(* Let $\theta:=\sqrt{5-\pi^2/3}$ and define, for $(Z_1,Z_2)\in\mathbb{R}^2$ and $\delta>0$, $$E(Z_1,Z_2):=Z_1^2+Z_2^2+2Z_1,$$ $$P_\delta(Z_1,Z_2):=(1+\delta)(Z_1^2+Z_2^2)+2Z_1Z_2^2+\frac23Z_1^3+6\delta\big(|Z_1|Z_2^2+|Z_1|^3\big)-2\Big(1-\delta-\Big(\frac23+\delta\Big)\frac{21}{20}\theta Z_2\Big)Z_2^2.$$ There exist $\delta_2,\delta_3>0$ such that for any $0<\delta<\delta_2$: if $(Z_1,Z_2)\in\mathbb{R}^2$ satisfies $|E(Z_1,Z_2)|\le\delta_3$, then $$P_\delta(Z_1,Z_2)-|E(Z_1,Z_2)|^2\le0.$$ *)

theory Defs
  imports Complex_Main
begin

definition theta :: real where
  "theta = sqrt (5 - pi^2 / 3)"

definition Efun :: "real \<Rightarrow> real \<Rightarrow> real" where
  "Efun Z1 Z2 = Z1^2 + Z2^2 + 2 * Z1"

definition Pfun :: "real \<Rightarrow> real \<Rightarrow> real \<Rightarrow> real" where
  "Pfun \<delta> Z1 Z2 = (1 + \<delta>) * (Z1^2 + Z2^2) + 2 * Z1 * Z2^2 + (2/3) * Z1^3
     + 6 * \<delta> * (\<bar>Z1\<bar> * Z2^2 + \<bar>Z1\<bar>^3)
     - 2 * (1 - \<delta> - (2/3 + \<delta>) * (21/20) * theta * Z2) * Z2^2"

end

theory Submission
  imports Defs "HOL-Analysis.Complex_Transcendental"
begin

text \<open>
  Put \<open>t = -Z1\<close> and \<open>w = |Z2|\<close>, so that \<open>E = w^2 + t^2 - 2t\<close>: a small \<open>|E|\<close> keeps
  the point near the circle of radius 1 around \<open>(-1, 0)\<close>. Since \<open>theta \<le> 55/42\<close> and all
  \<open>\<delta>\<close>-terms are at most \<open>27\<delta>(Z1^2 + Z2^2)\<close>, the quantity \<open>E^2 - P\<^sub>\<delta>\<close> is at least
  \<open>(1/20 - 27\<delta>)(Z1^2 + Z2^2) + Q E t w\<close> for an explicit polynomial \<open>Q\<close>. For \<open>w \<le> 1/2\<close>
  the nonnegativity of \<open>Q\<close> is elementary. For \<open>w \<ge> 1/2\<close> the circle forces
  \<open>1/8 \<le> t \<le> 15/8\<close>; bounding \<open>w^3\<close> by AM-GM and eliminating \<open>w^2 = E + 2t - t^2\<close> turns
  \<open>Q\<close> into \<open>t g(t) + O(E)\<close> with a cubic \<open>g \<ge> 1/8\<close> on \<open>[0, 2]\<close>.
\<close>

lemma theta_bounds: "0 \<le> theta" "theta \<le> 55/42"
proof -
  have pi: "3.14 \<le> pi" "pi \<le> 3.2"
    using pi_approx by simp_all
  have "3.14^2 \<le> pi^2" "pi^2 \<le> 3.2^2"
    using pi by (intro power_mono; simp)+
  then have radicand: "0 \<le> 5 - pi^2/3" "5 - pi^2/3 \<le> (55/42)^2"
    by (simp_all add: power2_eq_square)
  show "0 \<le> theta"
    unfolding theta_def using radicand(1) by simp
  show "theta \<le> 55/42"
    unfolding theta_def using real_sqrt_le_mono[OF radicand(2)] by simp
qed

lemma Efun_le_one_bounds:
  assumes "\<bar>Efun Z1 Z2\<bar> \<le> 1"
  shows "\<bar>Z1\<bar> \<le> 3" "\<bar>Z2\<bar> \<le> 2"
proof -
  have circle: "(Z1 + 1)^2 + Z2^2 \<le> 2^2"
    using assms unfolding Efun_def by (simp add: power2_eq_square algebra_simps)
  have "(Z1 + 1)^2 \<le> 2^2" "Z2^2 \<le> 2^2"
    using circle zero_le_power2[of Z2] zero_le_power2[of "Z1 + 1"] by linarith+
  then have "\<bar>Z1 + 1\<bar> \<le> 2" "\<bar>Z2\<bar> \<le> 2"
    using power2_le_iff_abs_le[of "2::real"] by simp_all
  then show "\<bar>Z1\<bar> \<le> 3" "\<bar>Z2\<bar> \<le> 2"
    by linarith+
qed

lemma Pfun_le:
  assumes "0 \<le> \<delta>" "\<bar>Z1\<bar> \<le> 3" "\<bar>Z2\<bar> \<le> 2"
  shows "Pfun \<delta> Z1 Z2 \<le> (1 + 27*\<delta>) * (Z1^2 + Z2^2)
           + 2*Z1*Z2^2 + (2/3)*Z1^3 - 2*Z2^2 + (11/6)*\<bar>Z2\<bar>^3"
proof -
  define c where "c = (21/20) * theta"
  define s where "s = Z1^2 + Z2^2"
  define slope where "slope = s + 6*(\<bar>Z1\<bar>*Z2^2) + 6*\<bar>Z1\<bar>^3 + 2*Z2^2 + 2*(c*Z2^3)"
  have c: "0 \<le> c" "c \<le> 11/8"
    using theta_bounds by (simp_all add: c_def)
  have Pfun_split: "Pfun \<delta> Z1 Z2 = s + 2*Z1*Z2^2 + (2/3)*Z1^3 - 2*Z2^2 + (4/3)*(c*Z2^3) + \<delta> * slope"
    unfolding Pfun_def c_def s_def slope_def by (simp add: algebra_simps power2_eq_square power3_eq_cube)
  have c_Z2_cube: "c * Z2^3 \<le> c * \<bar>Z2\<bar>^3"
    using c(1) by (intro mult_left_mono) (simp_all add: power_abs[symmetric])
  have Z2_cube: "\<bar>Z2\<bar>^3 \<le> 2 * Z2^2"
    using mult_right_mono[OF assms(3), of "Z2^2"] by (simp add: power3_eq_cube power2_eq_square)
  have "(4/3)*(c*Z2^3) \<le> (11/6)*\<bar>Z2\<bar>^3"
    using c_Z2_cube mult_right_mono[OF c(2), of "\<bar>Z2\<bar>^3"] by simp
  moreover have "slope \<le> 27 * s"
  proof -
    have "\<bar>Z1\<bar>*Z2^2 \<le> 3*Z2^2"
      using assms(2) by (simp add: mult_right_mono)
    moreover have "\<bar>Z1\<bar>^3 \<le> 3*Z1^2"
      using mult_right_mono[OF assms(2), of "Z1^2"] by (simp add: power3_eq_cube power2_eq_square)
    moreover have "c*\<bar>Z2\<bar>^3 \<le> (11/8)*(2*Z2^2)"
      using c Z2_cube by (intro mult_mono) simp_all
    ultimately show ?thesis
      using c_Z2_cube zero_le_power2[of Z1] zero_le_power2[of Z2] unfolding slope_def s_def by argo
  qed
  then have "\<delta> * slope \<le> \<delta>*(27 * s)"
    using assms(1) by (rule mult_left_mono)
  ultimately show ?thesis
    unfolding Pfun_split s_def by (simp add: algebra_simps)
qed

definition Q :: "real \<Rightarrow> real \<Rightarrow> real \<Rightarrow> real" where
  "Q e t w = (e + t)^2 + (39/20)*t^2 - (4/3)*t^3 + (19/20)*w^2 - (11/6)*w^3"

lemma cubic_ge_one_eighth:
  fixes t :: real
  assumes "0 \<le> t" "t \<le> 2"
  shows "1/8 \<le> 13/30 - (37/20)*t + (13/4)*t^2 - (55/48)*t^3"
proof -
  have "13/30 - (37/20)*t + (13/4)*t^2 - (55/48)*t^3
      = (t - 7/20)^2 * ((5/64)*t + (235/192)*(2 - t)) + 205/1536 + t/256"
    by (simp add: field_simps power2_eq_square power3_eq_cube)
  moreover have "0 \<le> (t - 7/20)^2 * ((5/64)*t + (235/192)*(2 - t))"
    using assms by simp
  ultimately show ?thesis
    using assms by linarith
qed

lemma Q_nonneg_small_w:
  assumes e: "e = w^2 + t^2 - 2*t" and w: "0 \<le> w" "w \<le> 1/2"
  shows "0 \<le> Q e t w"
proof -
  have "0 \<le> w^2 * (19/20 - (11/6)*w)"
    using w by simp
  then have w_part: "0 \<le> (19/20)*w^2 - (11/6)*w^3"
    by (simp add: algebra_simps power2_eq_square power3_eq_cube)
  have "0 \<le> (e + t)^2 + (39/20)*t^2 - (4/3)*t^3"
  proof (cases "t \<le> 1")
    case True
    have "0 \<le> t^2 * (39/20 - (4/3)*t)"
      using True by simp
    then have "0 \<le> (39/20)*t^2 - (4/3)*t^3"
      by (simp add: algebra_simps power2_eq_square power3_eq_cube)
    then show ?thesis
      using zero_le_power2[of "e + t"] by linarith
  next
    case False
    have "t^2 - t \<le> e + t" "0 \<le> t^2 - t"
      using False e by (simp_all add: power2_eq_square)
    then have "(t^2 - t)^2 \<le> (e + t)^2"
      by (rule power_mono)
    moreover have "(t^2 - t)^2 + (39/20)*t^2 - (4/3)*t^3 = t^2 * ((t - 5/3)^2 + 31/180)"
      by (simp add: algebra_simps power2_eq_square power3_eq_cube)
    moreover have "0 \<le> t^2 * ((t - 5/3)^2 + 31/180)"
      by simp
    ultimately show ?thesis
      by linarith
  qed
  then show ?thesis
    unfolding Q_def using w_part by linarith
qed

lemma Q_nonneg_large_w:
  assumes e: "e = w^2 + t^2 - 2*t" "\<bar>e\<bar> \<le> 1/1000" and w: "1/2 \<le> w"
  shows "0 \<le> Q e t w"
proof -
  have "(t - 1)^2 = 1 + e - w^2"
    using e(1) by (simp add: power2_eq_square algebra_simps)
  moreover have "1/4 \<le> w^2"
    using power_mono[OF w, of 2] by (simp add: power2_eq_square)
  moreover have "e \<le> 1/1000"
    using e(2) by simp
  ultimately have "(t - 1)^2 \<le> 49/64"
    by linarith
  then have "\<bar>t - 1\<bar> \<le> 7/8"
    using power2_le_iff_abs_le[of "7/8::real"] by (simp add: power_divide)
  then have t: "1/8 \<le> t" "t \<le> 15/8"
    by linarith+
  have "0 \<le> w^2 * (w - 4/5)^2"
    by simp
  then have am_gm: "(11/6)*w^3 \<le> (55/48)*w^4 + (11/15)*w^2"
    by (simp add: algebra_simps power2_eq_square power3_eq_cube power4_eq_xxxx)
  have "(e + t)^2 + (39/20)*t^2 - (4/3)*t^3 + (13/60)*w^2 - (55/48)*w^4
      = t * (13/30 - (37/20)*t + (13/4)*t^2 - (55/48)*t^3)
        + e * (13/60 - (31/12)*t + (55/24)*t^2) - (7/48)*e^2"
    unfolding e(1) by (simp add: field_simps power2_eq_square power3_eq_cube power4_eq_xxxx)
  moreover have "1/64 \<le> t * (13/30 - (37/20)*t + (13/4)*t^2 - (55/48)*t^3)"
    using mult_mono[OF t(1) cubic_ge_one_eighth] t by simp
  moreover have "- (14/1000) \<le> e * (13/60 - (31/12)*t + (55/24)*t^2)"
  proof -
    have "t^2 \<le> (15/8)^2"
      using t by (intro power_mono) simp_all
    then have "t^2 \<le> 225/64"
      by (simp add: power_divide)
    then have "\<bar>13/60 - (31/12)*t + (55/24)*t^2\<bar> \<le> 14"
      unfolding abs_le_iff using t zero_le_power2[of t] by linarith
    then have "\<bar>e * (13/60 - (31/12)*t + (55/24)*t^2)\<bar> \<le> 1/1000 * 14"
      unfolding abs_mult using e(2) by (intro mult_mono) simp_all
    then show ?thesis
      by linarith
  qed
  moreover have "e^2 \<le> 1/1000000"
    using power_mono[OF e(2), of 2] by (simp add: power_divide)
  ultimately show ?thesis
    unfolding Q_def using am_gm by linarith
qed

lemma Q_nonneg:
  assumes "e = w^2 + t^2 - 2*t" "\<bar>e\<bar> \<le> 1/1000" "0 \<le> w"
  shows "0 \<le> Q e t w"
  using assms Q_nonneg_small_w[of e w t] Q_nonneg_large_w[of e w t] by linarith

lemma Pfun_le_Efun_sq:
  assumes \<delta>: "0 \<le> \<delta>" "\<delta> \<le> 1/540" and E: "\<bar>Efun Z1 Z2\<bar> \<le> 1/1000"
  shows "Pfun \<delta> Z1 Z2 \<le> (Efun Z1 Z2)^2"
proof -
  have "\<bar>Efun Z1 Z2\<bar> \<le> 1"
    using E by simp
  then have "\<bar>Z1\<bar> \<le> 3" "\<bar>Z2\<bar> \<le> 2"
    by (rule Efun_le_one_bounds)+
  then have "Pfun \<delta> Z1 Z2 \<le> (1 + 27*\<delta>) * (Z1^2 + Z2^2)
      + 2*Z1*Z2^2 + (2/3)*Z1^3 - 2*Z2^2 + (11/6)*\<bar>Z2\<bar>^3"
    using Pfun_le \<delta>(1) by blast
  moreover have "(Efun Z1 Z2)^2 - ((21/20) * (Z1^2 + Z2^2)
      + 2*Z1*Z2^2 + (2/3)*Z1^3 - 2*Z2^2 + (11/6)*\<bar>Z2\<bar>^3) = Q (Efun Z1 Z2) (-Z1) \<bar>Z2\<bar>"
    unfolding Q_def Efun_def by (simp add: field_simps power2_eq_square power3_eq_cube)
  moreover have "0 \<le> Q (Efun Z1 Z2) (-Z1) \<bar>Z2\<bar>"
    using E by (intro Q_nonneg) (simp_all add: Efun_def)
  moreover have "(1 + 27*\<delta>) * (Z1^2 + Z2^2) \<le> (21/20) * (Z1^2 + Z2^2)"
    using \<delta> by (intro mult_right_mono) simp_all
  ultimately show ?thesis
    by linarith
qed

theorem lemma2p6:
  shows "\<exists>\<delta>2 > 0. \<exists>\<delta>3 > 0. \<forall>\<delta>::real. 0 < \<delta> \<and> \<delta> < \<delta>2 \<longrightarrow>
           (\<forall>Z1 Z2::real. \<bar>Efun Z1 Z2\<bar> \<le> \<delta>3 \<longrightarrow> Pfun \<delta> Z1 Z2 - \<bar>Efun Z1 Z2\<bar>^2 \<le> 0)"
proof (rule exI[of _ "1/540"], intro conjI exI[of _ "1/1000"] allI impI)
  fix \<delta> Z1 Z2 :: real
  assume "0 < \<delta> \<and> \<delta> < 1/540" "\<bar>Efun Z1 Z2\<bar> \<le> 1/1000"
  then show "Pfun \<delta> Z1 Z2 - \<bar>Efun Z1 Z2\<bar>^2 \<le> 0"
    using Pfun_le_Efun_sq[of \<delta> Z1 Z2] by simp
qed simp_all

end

=====

• **Exercise goal**: Every line in the data above that contains "circle" needs to be copied.

• **Written answer**:
  the point near the circle of radius 1 around \<open>(-1, 0)\<close>. Since \<open>theta \<le> 55/42\<close> and all
  the nonnegativity of \<open>Q\<close> is elementary. For \<open>w \<ge> 1/2\<close> the circle forces
  have circle: "(Z1 + 1)^2 + Z2^2 \<le> 2^2"
    using circle zero_le_power2[of Z2] zero_le_power2[of "Z1 + 1"] by linarith+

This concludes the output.